The commitment, from South African and foreign companies, was R81-billion more than the R290-billion that was secured last year. There’s an additional R8-billion more awaiting regulatory and board approvals.

Let’s think of it much like a construction company would an order book: it’s the fundamentals of any investment case for a builder, the key indicator of the company’s health. Over the past decade, that order book for SA’s major players such as Aveng and Group Five has plummeted and in turn, so have their share prices and now they are both in precarious positions. Using similar logic, I want to look at how an investor would build an investment case for a country such as ours that has been bereft of any substantial investment over the past decade – except perhaps for a badly executed Eskom expansion project in Limpopo… and we know just how that has panned out.

Before deciding on buying a South African asset class such as equities, bonds or even property on the Atlantic seaboard, the key question to ask yourself is just how much is set to be pumped into the economy over the next three to five years. These spend commitments, even if just money in the ground for maintenance, do paint a picture of the confidence of large balance sheets in the economy. The investment conference in Sandton is really a confidence-building event, a bookbuild for SA Inc.

The smartest investors and those who try not to follow the crowd in making their investment decisions, often focus on one ratio in deciding whether a stock is expensive or cheap: the price to earnings ratio (P/E). In essence, the ratio is meant to define whether the price you are paying for a share now is worth its future earnings.

When investing in South Africa today, any discerning investor, local or international, would need insights into how much our mining sector is going to spend in our rich fields, how much our telecoms players are going to invest in new technologies such as 5G and just what that might unlock in other sectors of the African economy.

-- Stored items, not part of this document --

(* Let $r\ge1$ and $\alpha,\beta,\gamma^1,\dots,\gamma^r\in\mathrm{ord}$. 1. If $\alpha\le\beta$ and $\beta<\alpha,\gamma^1,\dots,\gamma^r$, then $\beta<\gamma^1,\dots,\gamma^r$. 2. If $\beta<\alpha$ and $\alpha\le\beta,\gamma^1,\dots,\gamma^r$, then $\alpha\le\gamma^1,\dots,\gamma^r$.
   Context: Work constructively. Let $\mathfrak F$ be a set of index sets containing $\mathbb N$ and each $\mathbb N_k=\{n\in\mathbb N:n<k\}$ ($k\ge0$), closed (up to isomorphism) under finitely enumerated subsets, sets of finitely enumerated subsets, and disjoint unions indexed by elements of $\mathfrak F$. A finitely enumerated subset of $A$ is one given by a map $\mathbb N_k\to A$; write $F\subseteq_f I$. The set $\mathrm{ord}$ is inductively generated by $\underline 0$ and, for every family $(\alpha_i)_{i\in I}$ with $I\in\mathfrak F$, $\alpha_i\in\mathrm{ord}$, an element $\mathrm S(\alpha_i)_{i\in I}$; for such $\alpha$, $I_\alpha=I$ and $\alpha_i$ are its definitional subordinals; $I_{\underline 0}=\emptyset$. For a finite list $F$ in $I_\alpha$, $\alpha_F$ is the list of the $\alpha_i$, $i\in F$. Relations between an element and a nonempty finite list, by simultaneous induction: $\alpha\le\beta^1,\dots,\beta^m$ means $\alpha_i<\beta^1,\dots,\beta^m$ for all $i\in I_\alpha$; $\alpha<\beta^1,\dots,\beta^m$ means there exist $F_1\subseteq_f I_{\beta^1},\dots,F_m\subseteq_f I_{\beta^m}$, not all empty, with $\alpha\le\beta^1_{F_1},\dots,\beta^m_{F_m}$ (concatenated list); $\alpha\le\beta$, $\alpha<\beta$ are the case $m=1$. *)

theory Defs
  imports Main "HOL-Library.Equipollence"
begin

text \<open>Tree ordinals with branching over index sets taken from a type 'i.
  Sup I f stands for S(f i)_{i in I}; values of f outside I are
  normalised to Zero in the carrier ord_of below.\<close>

datatype 'i ord = Zero | Sup "'i set" "'i \<Rightarrow> 'i ord"

fun idx :: "'i ord \<Rightarrow> 'i set" where
  "idx Zero = {}"
| "idx (Sup I f) = I"

fun sub :: "'i ord \<Rightarrow> 'i \<Rightarrow> 'i ord" where
  "sub Zero i = Zero"
| "sub (Sup I f) i = f i"

text \<open>Standing assumptions on the collection of index sets (up to equipollence).
  A finitely enumerated subset of I is a list over I (a map N_k -> I).\<close>

definition index_family :: "'i set set \<Rightarrow> bool" where
  "index_family FF \<longleftrightarrow>
     (\<exists>I\<in>FF. I \<approx> (UNIV :: nat set))
   \<and> (\<forall>k::nat. \<exists>I\<in>FF. I \<approx> {n::nat. n < k})
   \<and> (\<forall>I\<in>FF. \<forall>xs. set xs \<subseteq> I \<longrightarrow> (\<exists>J\<in>FF. J \<approx> set xs))
   \<and> (\<forall>I\<in>FF. \<exists>J\<in>FF. J \<approx> {xs. set xs \<subseteq> I})
   \<and> (\<forall>I\<in>FF. \<forall>Js. (\<forall>i\<in>I. Js i \<in> FF) \<longrightarrow> (\<exists>K\<in>FF. K \<approx> Sigma I Js))"

inductive_set ord_of :: "'i set set \<Rightarrow> 'i ord set" for FF where
  zero: "Zero \<in> ord_of FF"
| sup: "I \<in> FF \<Longrightarrow> (\<forall>i\<in>I. f i \<in> ord_of FF) \<Longrightarrow> (\<forall>i. i \<notin> I \<longrightarrow> f i = Zero)
        \<Longrightarrow> Sup I f \<in> ord_of FF"

definition sel :: "'i ord list \<Rightarrow> 'i list list \<Rightarrow> 'i ord list" where
  "sel bs Fs = concat (map (\<lambda>(b, F). map (sub b) F) (zip bs Fs))"

inductive ole :: "'i ord \<Rightarrow> 'i ord list \<Rightarrow> bool"
  and olt :: "'i ord \<Rightarrow> 'i ord list \<Rightarrow> bool" where
  ole_intro: "(\<forall>i\<in>idx a. olt (sub a i) bs) \<Longrightarrow> ole a bs"
| olt_intro: "length Fs = length bs \<Longrightarrow> (\<forall>j<length bs. set (Fs ! j) \<subseteq> idx (bs ! j))
        \<Longrightarrow> (\<exists>j<length bs. Fs ! j \<noteq> []) \<Longrightarrow> ole a (sel bs Fs) \<Longrightarrow> olt a bs"

end

theory Submission
  imports Defs
begin

text \<open>Binary relations \<open>\<alpha> \<le> \<beta>\<close>, \<open>\<alpha> < \<beta>\<close>, defined like the list relations but with a
  single subordinal \<open>\<beta>\<^sub>j\<close> in place of a finite list \<open>\<beta>\<^sub>F\<close>, are transitive, \<open><\<close> is
  irreflexive, and \<open>\<alpha> \<le> \<beta> \<or> \<beta> < \<alpha>\<close> (classically). So every nonempty list has a
  \<open>\<le>\<close>-maximum, and the list relations collapse to the binary ones:
  \<open>\<alpha> \<le> \<beta>\<^sup>1,\<dots>,\<beta>\<^sup>m\<close> iff \<open>I\<^sub>\<alpha> = \<emptyset>\<close> or \<open>\<alpha> \<le> \<beta>\<^sup>j\<close> for some \<open>j\<close>, and
  \<open>\<alpha> < \<beta>\<^sup>1,\<dots>,\<beta>\<^sup>m\<close> iff \<open>\<alpha> < \<beta>\<^sup>j\<close> for some \<open>j\<close>.
  Both claims then reduce to the impossibility of \<open>\<beta> < \<alpha> \<le> \<beta>\<close>, together with
  \<open>I\<^sub>\<alpha> \<noteq> \<emptyset>\<close> whenever \<open>\<beta> < \<alpha>\<close>.\<close>

lemma ord_sub_induct:
  assumes "\<And>x. (\<And>i. i \<in> idx x \<Longrightarrow> P (sub x i)) \<Longrightarrow> P x"
  shows "P x"
proof (induction x)
  case Zero
  then show ?case using assms[of Zero] by simp
next
  case (Sup I f)
  then show ?case using assms[of "Sup I f"] by simp
qed

inductive ord_leq :: "'i ord \<Rightarrow> 'i ord \<Rightarrow> bool"
  and ord_less :: "'i ord \<Rightarrow> 'i ord \<Rightarrow> bool" where
  ord_leqI: "(\<And>i. i \<in> idx x \<Longrightarrow> ord_less (sub x i) y) \<Longrightarrow> ord_leq x y"
| ord_lessI: "j \<in> idx y \<Longrightarrow> ord_leq x (sub y j) \<Longrightarrow> ord_less x y"

lemma ord_leq_iff: "ord_leq x y \<longleftrightarrow> (\<forall>i\<in>idx x. ord_less (sub x i) y)"
  by (auto elim: ord_leq.cases intro: ord_leqI)

lemma ord_less_iff: "ord_less x y \<longleftrightarrow> (\<exists>j\<in>idx y. ord_leq x (sub y j))"
  by (auto elim: ord_less.cases intro: ord_lessI)

lemma ord_less_leq_trans_and_leq_trans:
  "(\<forall>x z. ord_less x y \<longrightarrow> ord_leq y z \<longrightarrow> ord_less x z)
   \<and> (\<forall>x z. ord_leq x y \<longrightarrow> ord_leq y z \<longrightarrow> ord_leq x z)"
proof (induction y rule: ord_sub_induct)
  case (1 y)
  have less_leq: "ord_less x z" if "ord_less x y" "ord_leq y z" for x z
  proof -
    obtain j where j: "j \<in> idx y" "ord_leq x (sub y j)"
      using \<open>ord_less x y\<close> by (auto simp: ord_less_iff)
    then have "ord_less (sub y j) z" using \<open>ord_leq y z\<close> by (auto simp: ord_leq_iff)
    then obtain k where k: "k \<in> idx z" "ord_leq (sub y j) (sub z k)"
      by (auto simp: ord_less_iff)
    then have "ord_leq x (sub z k)" using 1 j by blast
    with k(1) show ?thesis by (rule ord_lessI)
  qed
  moreover have "ord_leq x z" if "ord_leq x y" "ord_leq y z" for x z
    using that less_leq by (auto simp: ord_leq_iff)
  ultimately show ?case by blast
qed

lemma ord_less_leq_trans: "ord_less x y \<Longrightarrow> ord_leq y z \<Longrightarrow> ord_less x z"
  using ord_less_leq_trans_and_leq_trans by blast

lemma ord_leq_trans: "ord_leq x y \<Longrightarrow> ord_leq y z \<Longrightarrow> ord_leq x z"
  using ord_less_leq_trans_and_leq_trans by blast

lemma ord_less_irrefl: "\<not> ord_less x x"
proof (induction x rule: ord_sub_induct)
  case (1 x)
  show ?case
  proof
    assume "ord_less x x"
    then obtain j where "j \<in> idx x" "ord_leq x (sub x j)"
      by (auto simp: ord_less_iff)
    then have "ord_less (sub x j) (sub x j)" by (auto simp: ord_leq_iff)
    with 1 \<open>j \<in> idx x\<close> show False by blast
  qed
qed

lemma ord_less_not_leq: "ord_less x y \<Longrightarrow> \<not> ord_leq y x"
  using ord_less_leq_trans ord_less_irrefl by blast

lemma ord_less_imp_leq: "ord_less x y \<Longrightarrow> ord_leq x y"
proof (induction x arbitrary: y rule: ord_sub_induct)
  case (1 x)
  then obtain j where j: "j \<in> idx y" "ord_leq x (sub y j)"
    by (auto simp: ord_less_iff)
  show ?case
  proof (rule ord_leqI)
    fix i assume i: "i \<in> idx x"
    then have "ord_leq (sub x i) (sub y j)" using 1 j by (auto simp: ord_leq_iff)
    with j(1) show "ord_less (sub x i) y" by (rule ord_lessI)
  qed
qed

lemma ord_leq_or_less: "ord_leq x y \<or> ord_less y x"
proof (induction x arbitrary: y rule: ord_sub_induct)
  case (1 x)
  show ?case
  proof (cases "ord_leq x y")
    case False
    then obtain i where i: "i \<in> idx x" "\<not> ord_less (sub x i) y"
      by (auto simp: ord_leq_iff)
    have "ord_leq y (sub x i)"
    proof (rule ord_leqI)
      fix j assume "j \<in> idx y"
      then have "\<not> ord_leq (sub x i) (sub y j)" using i(2) ord_lessI by metis
      then show "ord_less (sub y j) (sub x i)" using 1 i(1) by blast
    qed
    with i(1) have "ord_less y x" by (rule ord_lessI)
    then show ?thesis ..
  qed simp
qed

lemma ord_leq_refl: "ord_leq x x"
  using ord_leq_or_less[of x x] ord_less_imp_leq by blast

lemma ord_leq_total: "ord_leq x y \<or> ord_leq y x"
  using ord_leq_or_less ord_less_imp_leq by blast

lemma ord_leq_max_exists: "bs \<noteq> [] \<Longrightarrow> \<exists>m\<in>set bs. \<forall>b\<in>set bs. ord_leq b m"
proof (induction bs rule: list_nonempty_induct)
  case (single x)
  then show ?case using ord_leq_refl by simp
next
  case (cons x xs)
  then obtain m where m: "m \<in> set xs" "\<forall>b\<in>set xs. ord_leq b m" by blast
  show ?case
  proof (cases "ord_leq x m")
    case True
    with m show ?thesis by auto
  next
    case False
    then have "ord_leq m x" using ord_leq_total by blast
    then have "\<forall>b\<in>set (x # xs). ord_leq b x"
      using m(2) by (auto intro: ord_leq_refl ord_leq_trans)
    then show ?thesis by auto
  qed
qed

lemma in_set_sel_iff:
  assumes "length Fs = length bs"
  shows "d \<in> set (sel bs Fs) \<longleftrightarrow> (\<exists>k<length bs. \<exists>i\<in>set (Fs ! k). d = sub (bs ! k) i)"
  using assms unfolding sel_def by (force simp: set_zip)

lemma ole_olt_imp_ord_leq_less:
  fixes x x' :: "'i ord"
  shows "ole x bs \<Longrightarrow> idx x = {} \<or> (\<exists>b\<in>set bs. ord_leq x b)"
  "olt x' bs' \<Longrightarrow> \<exists>b\<in>set bs'. ord_less x' b"
proof (induction x bs and x' bs' rule: ole_olt.inducts)
  case (ole_intro x bs)
  show ?case
  proof (cases "idx x = {}")
    case False
    then have "bs \<noteq> []" using ole_intro by auto
    then obtain m where m: "m \<in> set bs" "\<forall>b\<in>set bs. ord_leq b m"
      using ord_leq_max_exists by blast
    have "ord_less (sub x i) m" if "i \<in> idx x" for i
      using ole_intro that m(2) ord_less_leq_trans by blast
    then have "ord_leq x m" by (rule ord_leqI)
    with m(1) show ?thesis by blast
  qed simp
next
  case (olt_intro Fs bs x)
  obtain d where d: "d \<in> set (sel bs Fs)" "ord_leq x d"
  proof (cases "idx x = {}")
    case True
    obtain j i where "j < length bs" "i \<in> set (Fs ! j)"
      using olt_intro(3) by (metis list.set_sel(1))
    then have "sub (bs ! j) i \<in> set (sel bs Fs)" using in_set_sel_iff olt_intro(1) by blast
    with True show ?thesis using that by (auto simp: ord_leq_iff)
  next
    case False
    with olt_intro(5) show ?thesis using that by blast
  qed
  then obtain k i where k: "k < length bs" "i \<in> set (Fs ! k)" "d = sub (bs ! k) i"
    using olt_intro(1) by (auto simp: in_set_sel_iff)
  then have "i \<in> idx (bs ! k)" using olt_intro(2) by blast
  moreover have "ord_leq x (sub (bs ! k) i)" using d(2) k(3) by simp
  ultimately have "ord_less x (bs ! k)" by (rule ord_lessI)
  with \<open>k < length bs\<close> show ?case using nth_mem by blast
qed

lemma ord_leq_less_imp_ole_olt:
  fixes x x' :: "'i ord"
  shows "ord_leq x y \<Longrightarrow> y \<in> set bs \<Longrightarrow> ole x bs"
  "ord_less x' y' \<Longrightarrow> y' \<in> set bs' \<Longrightarrow> olt x' bs'"
proof (induction x y and x' y' arbitrary: bs and bs' rule: ord_leq_ord_less.inducts)
  case (ord_leqI x y bs)
  then show ?case by (auto intro: ole_intro)
next
  case (ord_lessI j y x bs)
  define Fs where "Fs = map (\<lambda>c. if c = y then [j] else []) bs"
  obtain k where k: "k < length bs" "bs ! k = y"
    using ord_lessI.prems by (meson in_set_conv_nth)
  have len: "length Fs = length bs" unfolding Fs_def by simp
  have Fk: "Fs ! k = [j]" unfolding Fs_def using k by simp
  have "sub y j \<in> set (sel bs Fs)"
    using in_set_sel_iff[OF len] k Fk by fastforce
  have "\<forall>k'<length bs. set (Fs ! k') \<subseteq> idx (bs ! k')"
    unfolding Fs_def using ord_lessI.hyps(1) by auto
  moreover have "\<exists>k'<length bs. Fs ! k' \<noteq> []" using k Fk by auto
  moreover have "ole x (sel bs Fs)" using ord_lessI.IH \<open>sub y j \<in> set (sel bs Fs)\<close> by blast
  ultimately show ?case by (rule olt_intro[OF len])
qed

lemma ole_iff: "ole x bs \<longleftrightarrow> idx x = {} \<or> (\<exists>b\<in>set bs. ord_leq x b)"
  using ole_olt_imp_ord_leq_less(1) ord_leq_less_imp_ole_olt(1) by (auto intro: ole_intro)

lemma olt_iff: "olt x bs \<longleftrightarrow> (\<exists>b\<in>set bs. ord_less x b)"
  using ole_olt_imp_ord_leq_less(2) ord_leq_less_imp_ole_olt(2) by blast

theorem lemma4p12:
  fixes FF :: "'i set set" and a b :: "'i ord" and gs :: "'i ord list"
  assumes "index_family FF"
    and "a \<in> ord_of FF" and "b \<in> ord_of FF"
    and "gs \<noteq> []" and "set gs \<subseteq> ord_of FF"
  shows "(ole a [b] \<and> olt b (a # gs) \<longrightarrow> olt b gs)
       \<and> (olt b [a] \<and> ole a (b # gs) \<longrightarrow> ole a gs)"
proof (intro conjI impI; elim conjE)
  assume "ole a [b]" "olt b (a # gs)"
  moreover have "idx a \<noteq> {}" if "ord_less b a"
    using that by (auto simp: ord_less_iff)
  ultimately show "olt b gs"
    using ord_less_not_leq by (auto simp: ole_iff olt_iff)
next
  assume "olt b [a]" "ole a (b # gs)"
  then show "ole a gs"
    using ord_less_not_leq by (auto simp: ole_iff olt_iff)
qed

end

So, yes, I get its importance and all my cynicism is removed on this investment summit – it’s clearly a move to regain some of the lost confidence in the South African economy. The key to its success in the real nuts and bolts of the economy is whether the state has the ability to clear the route for these investments to actually land. These relate to issues such as spectrum auction or providing some certainty to debates around mining legislation or the energy sector.

Here may just be President Cyril Ramaphosa’s advantage over his predecessors. Former president Thabo Mbeki was a man for high-level meetings with business leaders, while his successor, Jacob Zuma, was not a man for any meetings with “established” business, as he wanted to create an alternative business structure. Initially, black business thought this would be to their benefit, but it’s clear from the State Capture narrative that it was an alternative structure to benefit the president’s family and friends.

The current president has made it his mandate to closely engage on a departmental level around industry and master-plans such as the New Development Plan. Ultimately, this is the plumbing that will be needed if the investment promises that have been made over the past two years are to leave an indelible mark on the real economy.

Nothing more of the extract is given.